A group of homeless people who are being denied official homeless status launched a campaign this week to secure recognition and human rights protections.
Derry City and Strabane District Council, along with other council areas, have in recent days passed motions in support of the Homeless Not Voiceless campaign for Full Duty Applicant Status.
The local council called on the NIHE Chief Executive to respond outlining what measures the NIHE will now take to accurately audit the extent of the problem regarding homeless people who are not recognised as such and what steps will be taken to remedy these oversights.
Homeless Not Voiceless, are a group of long-term hostel residents documenting human rights impacts on homeless people and seeking the immediate award of homeless status (Full Duty Applicant Status) to all residents living in such hostels.
On Tuesday 2nd July, the group were joined by elected representatives in Belfast to deliver their message to Clark Bailie, Chief Executive of the Housing Executive.
Dressed as superheroes, they presented their report based on research across 22 hostels.
They used the Spiderman theme to coincide with the release of the Hollywood blockbuster ‘Spiderman far from Home(less)’ and to focus attention on serious human rights failings experienced by homeless people living in shelters across Northern Ireland.
Homeless Not Voiceless urged Mr Bailie to guarantee all homeless people are recognised officially by ensuring Full Duty Applicant status is awarded in every case and to provide appropriate mental health support services for homeless people.
Speaking to the Derry News, Marissa McMahon of human rights organisation Participation and Practice of Rights (PPR) said: “The group are using a bit of fun today to make a very serious point.

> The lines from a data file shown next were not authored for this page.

(* The set $\mathcal{L}_3$ of lines which meet $\mathcal{C}$ in exactly one point, are contained in an osculating plane of $\mathcal{C}$, and are not tangent lines of $\mathcal{C}$, is a single $G$-orbit, and every $\ell\in\mathcal{L}_3$ satisfies $OD_2(\ell)=OD_0(\ell)=[1,1,\tfrac{q-1}{2},\tfrac{q-1}{2},0]$.
   Context: Let $q$ be a power of a prime $p$, with $p\neq 2,3$. In $\mathrm{PG}(3,q)$ with coordinates $(Y_0,\dots,Y_3)$, the twisted cubic is $\mathcal{C}=\{P(t)=(1,t,t^2,t^3):t\in\mathbb{F}_q\}\cup\{P(\infty)=(0,0,0,1)\}$. $G\le \mathrm{PGL}(4,q)$ is the image of $\mathrm{PGL}(2,q)$ under the map sending the matrix $\begin{pmatrix}a&b\\c&d\end{pmatrix}$ to $\begin{pmatrix} a^3&a^2b&ab^2&b^3\\ 3a^2c&a^2d+2abc&b^2c+2abd&3b^2d\\ 3ac^2&bc^2+2acd&ad^2+2bcd&3bd^2\\ c^3&c^2d&cd^2&d^3\end{pmatrix}$. Osculating planes: $\Pi(t):-t^3Y_0+3t^2Y_1-3tY_2+Y_3=0$ ($t\in\mathbb{F}_q$), $\Pi(\infty):Y_0=0$. Tangent line at $P\in\mathcal{C}$: the line through $P$ meeting $\mathcal{C}$ with multiplicity two at $P$. Point classes: $\mathcal{P}_1$ = points of $\mathcal{C}$; $\mathcal{P}_2$ = points not on $\mathcal{C}$ on a tangent line; $\mathcal{P}_3$ = points not on $\mathcal{C}$ on exactly three osculating planes; $\mathcal{P}_4$ = points not on $\mathcal{C}$ on exactly one osculating plane; $\mathcal{P}_5$ = points on no osculating plane. Plane classes: $\mathcal{H}_1$ = osculating planes; $\mathcal{H}_2$ = planes meeting $\mathcal{C}$ in exactly two points; $\mathcal{H}_3$ = exactly three points; $\mathcal{H}_4$ = non-osculating planes meeting $\mathcal{C}$ in exactly one point; $\mathcal{H}_5$ = planes disjoint from $\mathcal{C}$. $OD_0(\ell)$ (resp. $OD_2(\ell)$) is the list of the numbers of points of $\ell$ in $\mathcal{P}_1,\dots,\mathcal{P}_5$ (resp. planes through $\ell$ in $\mathcal{H}_1,\dots,\mathcal{H}_5$). *)

theory Defs
  imports Main
begin

section \<open>PG(3,q) over a finite field 'a, q = CARD('a)\<close>

type_synonym 'a vec4 = "'a \<times> 'a \<times> 'a \<times> 'a"

fun sm :: "'a::field \<Rightarrow> 'a vec4 \<Rightarrow> 'a vec4" where
  "sm c (x0, x1, x2, x3) = (c * x0, c * x1, c * x2, c * x3)"

fun vadd :: "'a::field vec4 \<Rightarrow> 'a vec4 \<Rightarrow> 'a vec4" where
  "vadd (x0, x1, x2, x3) (y0, y1, y2, y3) = (x0 + y0, x1 + y1, x2 + y2, x3 + y3)"

fun dot :: "'a::field vec4 \<Rightarrow> 'a vec4 \<Rightarrow> 'a" where
  "dot (h0, h1, h2, h3) (x0, x1, x2, x3) = h0 * x0 + h1 * x1 + h2 * x2 + h3 * x3"

definition zero4 :: "'a::field vec4" where
  "zero4 = (0, 0, 0, 0)"

definition proj_pt :: "'a::field vec4 \<Rightarrow> 'a vec4 set" where
  "proj_pt v = {sm c v | c. c \<noteq> 0}"

definition points :: "'a::field vec4 set set" where
  "points = {proj_pt v | v. v \<noteq> zero4}"

definition indep :: "'a::field vec4 \<Rightarrow> 'a vec4 \<Rightarrow> bool" where
  "indep u w = (\<forall>a b. vadd (sm a u) (sm b w) = zero4 \<longrightarrow> a = 0 \<and> b = 0)"

definition line_of :: "'a::field vec4 \<Rightarrow> 'a vec4 \<Rightarrow> 'a vec4 set set" where
  "line_of u w = {proj_pt (vadd (sm a u) (sm b w)) | a b. a \<noteq> 0 \<or> b \<noteq> 0}"

definition lines :: "'a::field vec4 set set set" where
  "lines = {line_of u w | u w. indep u w}"

definition plane_of :: "'a::field vec4 \<Rightarrow> 'a vec4 set set" where
  "plane_of h = {proj_pt v | v. v \<noteq> zero4 \<and> dot h v = 0}"

definition planes :: "'a::field vec4 set set set" where
  "planes = {plane_of h | h. h \<noteq> zero4}"

definition cubic_pt :: "'a::field \<Rightarrow> 'a vec4 set" where
  "cubic_pt t = proj_pt (1, t, t^2, t^3)"

definition cubic_inf :: "'a::field vec4 set" where
  "cubic_inf = proj_pt (0, 0, 0, 1)"

definition TC :: "'a::field vec4 set set" where
  "TC = range cubic_pt \<union> {cubic_inf}"

definition osc_plane :: "'a::field \<Rightarrow> 'a vec4 set set" where
  "osc_plane t = plane_of (- (t^3), 3 * t^2, - 3 * t, 1)"

definition osc_inf :: "'a::field vec4 set set" where
  "osc_inf = plane_of (1, 0, 0, 0)"

definition Osc :: "'a::field vec4 set set set" where
  "Osc = range osc_plane \<union> {osc_inf}"

text \<open>Tangent line at P(t): spanned by P(t) and the derivative point (0,1,2t,3t^2);
  at P(infinity): spanned by (0,0,0,1) and (0,0,1,0).\<close>
definition Tan :: "'a::field vec4 set set set" where
  "Tan = range (\<lambda>t. line_of (1, t, t^2, t^3) (0, 1, 2 * t, 3 * t^2))
         \<union> {line_of (0, 0, 0, 1) (0, 0, 1, 0)}"

section \<open>The group G (row-vector convention: Y \<mapsto> Y M)\<close>

fun gact :: "'a::field \<Rightarrow> 'a \<Rightarrow> 'a \<Rightarrow> 'a \<Rightarrow> 'a vec4 \<Rightarrow> 'a vec4" where
  "gact a b c d (y0, y1, y2, y3) =
    (y0 * a^3 + y1 * (3 * a^2 * c) + y2 * (3 * a * c^2) + y3 * c^3,
     y0 * (a^2 * b) + y1 * (a^2 * d + 2 * a * b * c) + y2 * (b * c^2 + 2 * a * c * d) + y3 * (c^2 * d),
     y0 * (a * b^2) + y1 * (b^2 * c + 2 * a * b * d) + y2 * (a * d^2 + 2 * b * c * d) + y3 * (c * d^2),
     y0 * b^3 + y1 * (3 * b^2 * d) + y2 * (3 * b * d^2) + y3 * d^3)"

definition Gmaps :: "('a::field vec4 set \<Rightarrow> 'a vec4 set) set" where
  "Gmaps = {(\<lambda>P. gact a b c d ` P) | a b c d. a * d - b * c \<noteq> 0}"

definition P1 :: "'a::field vec4 set set" where "P1 = TC"
definition P2 :: "'a::field vec4 set set" where
  "P2 = {P \<in> points. P \<notin> TC \<and> (\<exists>l\<in>Tan. P \<in> l)}"
definition P3 :: "'a::field vec4 set set" where
  "P3 = {P \<in> points. P \<notin> TC \<and> card {\<pi> \<in> Osc. P \<in> \<pi>} = 3}"
definition P4 :: "'a::field vec4 set set" where
  "P4 = {P \<in> points. P \<notin> TC \<and> card {\<pi> \<in> Osc. P \<in> \<pi>} = 1}"
definition P5 :: "'a::field vec4 set set" where
  "P5 = {P \<in> points. \<forall>\<pi>\<in>Osc. P \<notin> \<pi>}"

definition H1 :: "'a::field vec4 set set set" where "H1 = Osc"
definition H2 :: "'a::field vec4 set set set" where
  "H2 = {\<pi> \<in> planes. card (\<pi> \<inter> TC) = 2}"
definition H3 :: "'a::field vec4 set set set" where
  "H3 = {\<pi> \<in> planes. card (\<pi> \<inter> TC) = 3}"
definition H4 :: "'a::field vec4 set set set" where
  "H4 = {\<pi> \<in> planes. \<pi> \<notin> Osc \<and> card (\<pi> \<inter> TC) = 1}"
definition H5 :: "'a::field vec4 set set set" where
  "H5 = {\<pi> \<in> planes. \<pi> \<inter> TC = {}}"

definition OD0 :: "'a::field vec4 set set \<Rightarrow> nat list" where
  "OD0 l = map (\<lambda>K. card (l \<inter> K)) [P1, P2, P3, P4, P5]"

definition OD2 :: "'a::field vec4 set set \<Rightarrow> nat list" where
  "OD2 l = map (\<lambda>K. card {\<pi> \<in> K. l \<subseteq> \<pi>}) [H1, H2, H3, H4, H5]"

definition L3 :: "'a::field vec4 set set set" where
  "L3 = {l \<in> lines. card (l \<inter> TC) = 1 \<and> (\<exists>\<pi>\<in>Osc. l \<subseteq> \<pi>) \<and> l \<notin> Tan}"

end

(*
  The translations t \<mapsto> t + s and the inversion t \<mapsto> 1 / t of G are collineations fixing the cubic,
  the set of osculating planes and the set of tangents, so they preserve L3, OD0 and OD2.
  If a line of L3 meets the cubic in P(t), translating by -t and inverting moves that point to
  P(\<infinity>); a line of L3 through P(\<infinity>) lies in \<Pi>(\<infinity>) and is not the tangent there, so it
  is a line Linf s joining P(\<infinity>) to (0, 1, s, 0). Conversely, by the Bruhat decomposition every
  element of G is upper triangular or a translation after the inversion after an upper
  triangular element, and the upper triangular elements map Linf 0 onto the lines Linf s; so L3 is
  the orbit of Linf 0. On Linf s the counts are explicit: its points (0, 1, s, \<mu>) and the planes
  through it other than \<Pi>(\<infinity>) are sorted into classes by whether a discriminant, affine in the
  parameter, is zero, a nonzero square or a nonsquare, and there are (q - 1)/2 of each of the
  last two kinds.
*)

theory Submission
  imports Defs
begin

section \<open>Coordinates, points, lines and planes\<close>

lemma sm_0 [simp]: "sm 0 v = zero4"
  by (cases v) (simp add: zero4_def)

lemma sm_1 [simp]: "sm 1 v = v"
  by (cases v) simp

lemma sm_sm [simp]: "sm a (sm b v) = sm (a * b) v"
  by (cases v) (simp add: mult.assoc)

lemma sm_eq_zero4_iff: "sm c v = zero4 \<longleftrightarrow> c = 0 \<or> v = zero4"
  by (cases v rule: prod_cases4) (auto simp: zero4_def)

lemma vadd_zero4 [simp]: "vadd v zero4 = v" "vadd zero4 v = v"
  by (cases v rule: prod_cases4, simp add: zero4_def)+

lemma sm_vadd: "sm c (vadd u v) = vadd (sm c u) (sm c v)"
  by (cases v rule: prod_cases4; cases u rule: prod_cases4) (simp add: algebra_simps)

lemma dot_sm [simp]: "dot h (sm c v) = c * dot h v"
  by (cases v rule: prod_cases4; cases h rule: prod_cases4) (simp add: algebra_simps)

lemma dot_sm_left: "dot (sm c h) v = c * dot h v"
  by (cases v rule: prod_cases4; cases h rule: prod_cases4) (simp add: algebra_simps)

lemma dot_vadd [simp]: "dot h (vadd u v) = dot h u + dot h v"
  by (cases v rule: prod_cases4; cases u rule: prod_cases4; cases h rule: prod_cases4)
    (simp add: algebra_simps)

lemma vadd_sm_combine:
  "vadd (sm a (vadd (sm \<alpha> u) (sm \<beta> w))) (sm b (vadd (sm \<gamma> u) (sm \<delta> w)))
   = vadd (sm (a * \<alpha> + b * \<gamma>) u) (sm (a * \<beta> + b * \<delta>) w)"
  by (cases w rule: prod_cases4; cases u rule: prod_cases4) (simp add: algebra_simps)

lemma proj_pt_sm: "c \<noteq> 0 \<Longrightarrow> proj_pt (sm c v) = proj_pt v"
  unfolding proj_pt_def
proof (intro set_eqI iffI)
  fix x assume c: "c \<noteq> 0" and "x \<in> {sm d v |d. d \<noteq> 0}"
  then obtain d where "d \<noteq> 0" "x = sm (d / c) (sm c v)" by auto
  then show "x \<in> {sm d (sm c v) |d. d \<noteq> 0}" using c by fastforce
qed auto

lemma proj_pt_self: "v \<in> proj_pt v"
  unfolding proj_pt_def by (auto intro!: exI[of _ 1])

lemma proj_pt_eqD: "proj_pt v = proj_pt w \<Longrightarrow> \<exists>c. c \<noteq> 0 \<and> w = sm c v"
  using proj_pt_self[of w] unfolding proj_pt_def by auto

lemma proj_pt_eq_iff: "proj_pt v = proj_pt w \<longleftrightarrow> (\<exists>c. c \<noteq> 0 \<and> w = sm c v)"
  using proj_pt_eqD proj_pt_sm by metis

lemma proj_pt_in_points: "v \<noteq> zero4 \<Longrightarrow> proj_pt v \<in> points"
  unfolding points_def by blast

lemma line_ofE:
  assumes "P \<in> line_of u w"
  obtains a b where "a \<noteq> 0 \<or> b \<noteq> 0" "P = proj_pt (vadd (sm a u) (sm b w))"
  using assms unfolding line_of_def by auto

lemma line_ofI: "a \<noteq> 0 \<or> b \<noteq> 0 \<Longrightarrow> proj_pt (vadd (sm a u) (sm b w)) \<in> line_of u w"
  unfolding line_of_def by auto

lemma proj_pt_in_line_of: "proj_pt u \<in> line_of u w" "proj_pt w \<in> line_of u w"
  using line_ofI[of 1 0 u w] line_ofI[of 0 1 u w] by simp_all

lemma proj_pt_in_line_ofD:
  assumes "proj_pt x \<in> line_of u w"
  shows "\<exists>a b. x = vadd (sm a u) (sm b w)"
proof -
  obtain a b where "proj_pt x = proj_pt (vadd (sm a u) (sm b w))"
    using assms by (auto elim: line_ofE)
  then obtain c where "x = sm c (vadd (sm a u) (sm b w))"
    by (metis proj_pt_eqD)
  then have "x = vadd (sm (c * a) u) (sm (c * b) w)"
    by (simp add: sm_vadd)
  then show ?thesis by blast
qed

lemma line_of_change_basis:
  assumes u': "u' = vadd (sm \<alpha> u) (sm \<beta> w)" and w': "w' = vadd (sm \<gamma> u) (sm \<delta> w)"
    and det: "\<alpha> * \<delta> - \<beta> * \<gamma> \<noteq> 0"
  shows "line_of u' w' = line_of u w"
proof (intro set_eqI iffI)
  fix P assume "P \<in> line_of u' w'"
  then obtain a b where ab: "a \<noteq> 0 \<or> b \<noteq> 0" "P = proj_pt (vadd (sm a u') (sm b w'))"
    by (rule line_ofE)
  have "a * \<alpha> + b * \<gamma> \<noteq> 0 \<or> a * \<beta> + b * \<delta> \<noteq> 0"
  proof (rule ccontr)
    assume "\<not> ?thesis"
    then have "a * (\<alpha> * \<delta> - \<beta> * \<gamma>) = 0" "b * (\<alpha> * \<delta> - \<beta> * \<gamma>) = 0"
      by algebra+
    then show False using ab det by auto
  qed
  then show "P \<in> line_of u w"
    using ab line_ofI by (simp add: u' w' vadd_sm_combine)
next
  fix P assume "P \<in> line_of u w"
  then obtain a' b' where ab: "a' \<noteq> 0 \<or> b' \<noteq> 0" "P = proj_pt (vadd (sm a' u) (sm b' w))"
    by (rule line_ofE)
  define D where "D = \<alpha> * \<delta> - \<beta> * \<gamma>"
  define a where "a = (a' * \<delta> - b' * \<gamma>) / D"
  define b where "b = (b' * \<alpha> - a' * \<beta>) / D"
  have D: "D \<noteq> 0" using det D_def by simp
  have aD: "a * D = a' * \<delta> - b' * \<gamma>" and bD: "b * D = b' * \<alpha> - a' * \<beta>"
    using D unfolding a_def b_def by simp_all
  have "(a * \<alpha> + b * \<gamma>) * D = a' * D" "(a * \<beta> + b * \<delta>) * D = b' * D"
    using aD bD unfolding D_def by algebra+
  then have coeffs: "a * \<alpha> + b * \<gamma> = a'" "a * \<beta> + b * \<delta> = b'"
    using D by simp_all
  then have "a \<noteq> 0 \<or> b \<noteq> 0" using ab by auto
  then show "P \<in> line_of u' w'"
    using line_ofI[of a b u' w'] ab by (simp add: u' w' vadd_sm_combine coeffs)
qed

“It is incredible that homeless people are being denied homeless status in such numbers despite the statutory obligations and the massive support they have received from Councils and political parties.
“The scale of the housing crisis is being underplayed with devastating impacts on very vulnerable people.”
The group also believes that NIHE’s statistics on homelessness are skewed as many people are spending longer than is being recorded, with PPR claiming that on average people are spending two and a half years in a hostel.
Campaigners have therefore asked NIHE to adequately document and respond to repeat homelessness.
Their campaign has now secured the support of Sinn Féin, Dup, SDLP, People before Profit and four Councils have passed motions of support in the past week.
Information released under freedom of information (FOI) legislation revealed that on 25 June 2018 the NIHE had on record 19 people living in homeless hostel accommodation without official FDA homeless status.
According to PPR, one month later, research carried out by Homeless Not Voiceless across 22 hostel sites on a single day found 78 hostel residents without official FDA homeless status.
That is four times the number held by the public housing authority with responsibility for documenting and responding to homelessness.
The stress and anxiety caused by prolonged periods of homelessness can worsen existing physical and mental health conditions.
In response, a spokesperson for the Housing Executive said the awarding of Full Duty Applicant status is set out in criteria laid down in The Housing (NI) Order 1988.
“Where a person presents to us as homeless, we will respond in accordance with this law and commence our enquiries.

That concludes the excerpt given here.